[Saved data entries]
(* For all complex $k_1,k_2,\dots$ and $k'_1,\dots$, and indices such that all roots involved have indices in $\{1,\dots,n-1\}$ (with $l\ge1$, $m\ge0$ where applicable): (1) $f_{i\cdots i+l-1}[k_1,\dots,k_{l-1}]*f_{i+l\cdots i+l+m}[k_{l+1},\dots,k_{l+m}]=f_{i\cdots i+l+m}[k_1,\dots,k_{l-1},-1,k_{l+1},\dots,k_{l+m}]$; (2) $f_{i+l\cdots i+l+m}[k_{l+1},\dots,k_{l+m}]*f_{i\cdots i+l-1}[k_1,\dots,k_{l-1}]=f_{i\cdots i+l+m}[k_1,\dots,k_{l-1},0,k_{l+1},\dots,k_{l+m}]$; (3) for $m\ge1$: $f_i*f_{i\cdots i+m}[k_1,k_2,\dots,k_m]=f_{i\cdots i+m}[k_1-1,k_2,\dots,k_m]*f_i$; (4) for $m\ge1$: $f_{i+m}*f_{i\cdots i+m}[k_1,\dots,k_{m-1},k_m-1]=f_{i\cdots i+m}[k_1,\dots,k_{m-1},k_m]*f_{i+m}$; (5) if $i+m+1<j$: $f_{i\cdots i+m}[k_1,\dots,k_m]*f_{j\cdots j+l}[k'_1,\dots,k'_l]=f_{j\cdots j+l}[k'_1,\dots,k'_l]*f_{i\cdots i+m}[k_1,\dots,k_m]$.
   Context: Fix an integer $n\ge2$, an integer $r>0$, a real $0<x<1$ and a complex parameter $\delta$. Let $[u]=x^{u^2/r-u}\Theta_{x^{2r}}(x^{2u})$, $\Theta_q(z)=(z;q)_\infty(q/z;q)_\infty(q;q)_\infty$. A function of type $(a_1,\dots,a_{n-1})$ ($a_j\in\mathbb Z_{\ge0}$) is a function of variables $u^{(b)}_j$ ($1\le j\le n-1$, $1\le b\le a_j$) and $\kappa_1,\dots,\kappa_{n-1}$, symmetric in $(u^{(1)}_j,\dots,u^{(a_j)}_j)$ for each $j$. For $f$ of type $(a_j)$ and $g$ of type $(b_j)$, $f*g$ is of type $(a_j+b_j)$: $(f*g)=S\Big(f(u;\kappa_1+(b_0-2b_1+b_2)\delta,\dots,\kappa_{n-1}+(b_{n-2}-2b_{n-1}+b_n)\delta)\,g(v;\kappa)\prod_{j,a\le a_j,b\le b_j}\frac{[u^{(a)}_j-v^{(b)}_j-\delta]}{[u^{(a)}_j-v^{(b)}_j]}\prod_{1\le j\le n-2,a\le a_j,b\le b_{j+1}}\frac{[u^{(a)}_j-v^{(b)}_{j+1}+\frac\delta2]}{[u^{(a)}_j-v^{(b)}_{j+1}]}\prod_{2\le j\le n-1,a\le a_j,b\le b_{j-1}}\frac{[u^{(a)}_j-v^{(b)}_{j-1}+\frac\delta2]}{[u^{(a)}_j-v^{(b)}_{j-1}]}\Big)$, $b_0=b_n=0$, $S$ = average over permutations of $(u^{(1)}_j,\dots,u^{(a_j)}_j,v^{(1)}_j,\dots,v^{(b_j)}_j)$ for each $j$. For $1\le i\le i+m\le n-1$ and $k_1,\dots,k_m\in\mathbb C$ (with $k_0=-1$, $k_{m+1}=0$), $f_{i\cdots i+m}[k_1,\dots,k_m]$ is the function of type $(a_j)$, $a_j=1$ for $i\le j\le i+m$ and $0$ otherwise, equal to $\prod_{j=1}^m\frac{[u_{i+j-1}-u_{i+j}-(k_j+\frac12)\delta]}{[u_{i+j-1}-u_{i+j}]}\prod_{j=0}^m[u_{i+j}-(k_j-k_{j+1}+\frac12)\delta-\kappa_{i+j}]$; for $m=0$ it is $f_i=[u_i+\frac\delta2-\kappa_i]$ (with no bracket arguments). *)

theory Defs
  imports "HOL-Analysis.Analysis" "HOL-Combinatorics.Permutations"
begin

§ **What is needed**
All records are to be retyped precisely.

§ **Reply**
(* For all complex $k_1,k_2,\dots$ and $k'_1,\dots$, and indices such that all roots involved have indices in $\{1,\dots,n-1\}$ (with $l\ge1$, $m\ge0$ where applicable): (1) $f_{i\cdots i+l-1}[k_1,\dots,k_{l-1}]*f_{i+l\cdots i+l+m}[k_{l+1},\dots,k_{l+m}]=f_{i\cdots i+l+m}[k_1,\dots,k_{l-1},-1,k_{l+1},\dots,k_{l+m}]$; (2) $f_{i+l\cdots i+l+m}[k_{l+1},\dots,k_{l+m}]*f_{i\cdots i+l-1}[k_1,\dots,k_{l-1}]=f_{i\cdots i+l+m}[k_1,\dots,k_{l-1},0,k_{l+1},\dots,k_{l+m}]$; (3) for $m\ge1$: $f_i*f_{i\cdots i+m}[k_1,k_2,\dots,k_m]=f_{i\cdots i+m}[k_1-1,k_2,\dots,k_m]*f_i$; (4) for $m\ge1$: $f_{i+m}*f_{i\cdots i+m}[k_1,\dots,k_{m-1},k_m-1]=f_{i\cdots i+m}[k_1,\dots,k_{m-1},k_m]*f_{i+m}$; (5) if $i+m+1<j$: $f_{i\cdots i+m}[k_1,\dots,k_m]*f_{j\cdots j+l}[k'_1,\dots,k'_l]=f_{j\cdots j+l}[k'_1,\dots,k'_l]*f_{i\cdots i+m}[k_1,\dots,k_m]$.
   Context: Fix an integer $n\ge2$, an integer $r>0$, a real $0<x<1$ and a complex parameter $\delta$. Let $[u]=x^{u^2/r-u}\Theta_{x^{2r}}(x^{2u})$, $\Theta_q(z)=(z;q)_\infty(q/z;q)_\infty(q;q)_\infty$. A function of type $(a_1,\dots,a_{n-1})$ ($a_j\in\mathbb Z_{\ge0}$) is a function of variables $u^{(b)}_j$ ($1\le j\le n-1$, $1\le b\le a_j$) and $\kappa_1,\dots,\kappa_{n-1}$, symmetric in $(u^{(1)}_j,\dots,u^{(a_j)}_j)$ for each $j$. For $f$ of type $(a_j)$ and $g$ of type $(b_j)$, $f*g$ is of type $(a_j+b_j)$: $(f*g)=S\Big(f(u;\kappa_1+(b_0-2b_1+b_2)\delta,\dots,\kappa_{n-1}+(b_{n-2}-2b_{n-1}+b_n)\delta)\,g(v;\kappa)\prod_{j,a\le a_j,b\le b_j}\frac{[u^{(a)}_j-v^{(b)}_j-\delta]}{[u^{(a)}_j-v^{(b)}_j]}\prod_{1\le j\le n-2,a\le a_j,b\le b_{j+1}}\frac{[u^{(a)}_j-v^{(b)}_{j+1}+\frac\delta2]}{[u^{(a)}_j-v^{(b)}_{j+1}]}\prod_{2\le j\le n-1,a\le a_j,b\le b_{j-1}}\frac{[u^{(a)}_j-v^{(b)}_{j-1}+\frac\delta2]}{[u^{(a)}_j-v^{(b)}_{j-1}]}\Big)$, $b_0=b_n=0$, $S$ = average over permutations of $(u^{(1)}_j,\dots,u^{(a_j)}_j,v^{(1)}_j,\dots,v^{(b_j)}_j)$ for each $j$. For $1\le i\le i+m\le n-1$ and $k_1,\dots,k_m\in\mathbb C$ (with $k_0=-1$, $k_{m+1}=0$), $f_{i\cdots i+m}[k_1,\dots,k_m]$ is the function of type $(a_j)$, $a_j=1$ for $i\le j\le i+m$ and $0$ otherwise, equal to $\prod_{j=1}^m\frac{[u_{i+j-1}-u_{i+j}-(k_j+\frac12)\delta]}{[u_{i+j-1}-u_{i+j}]}\prod_{j=0}^m[u_{i+j}-(k_j-k_{j+1}+\frac12)\delta-\kappa_{i+j}]$; for $m=0$ it is $f_i=[u_i+\frac\delta2-\kappa_i]$ (with no bracket arguments). *)

theory Defs
  imports "HOL-Analysis.Analysis" "HOL-Combinatorics.Permutations"
begin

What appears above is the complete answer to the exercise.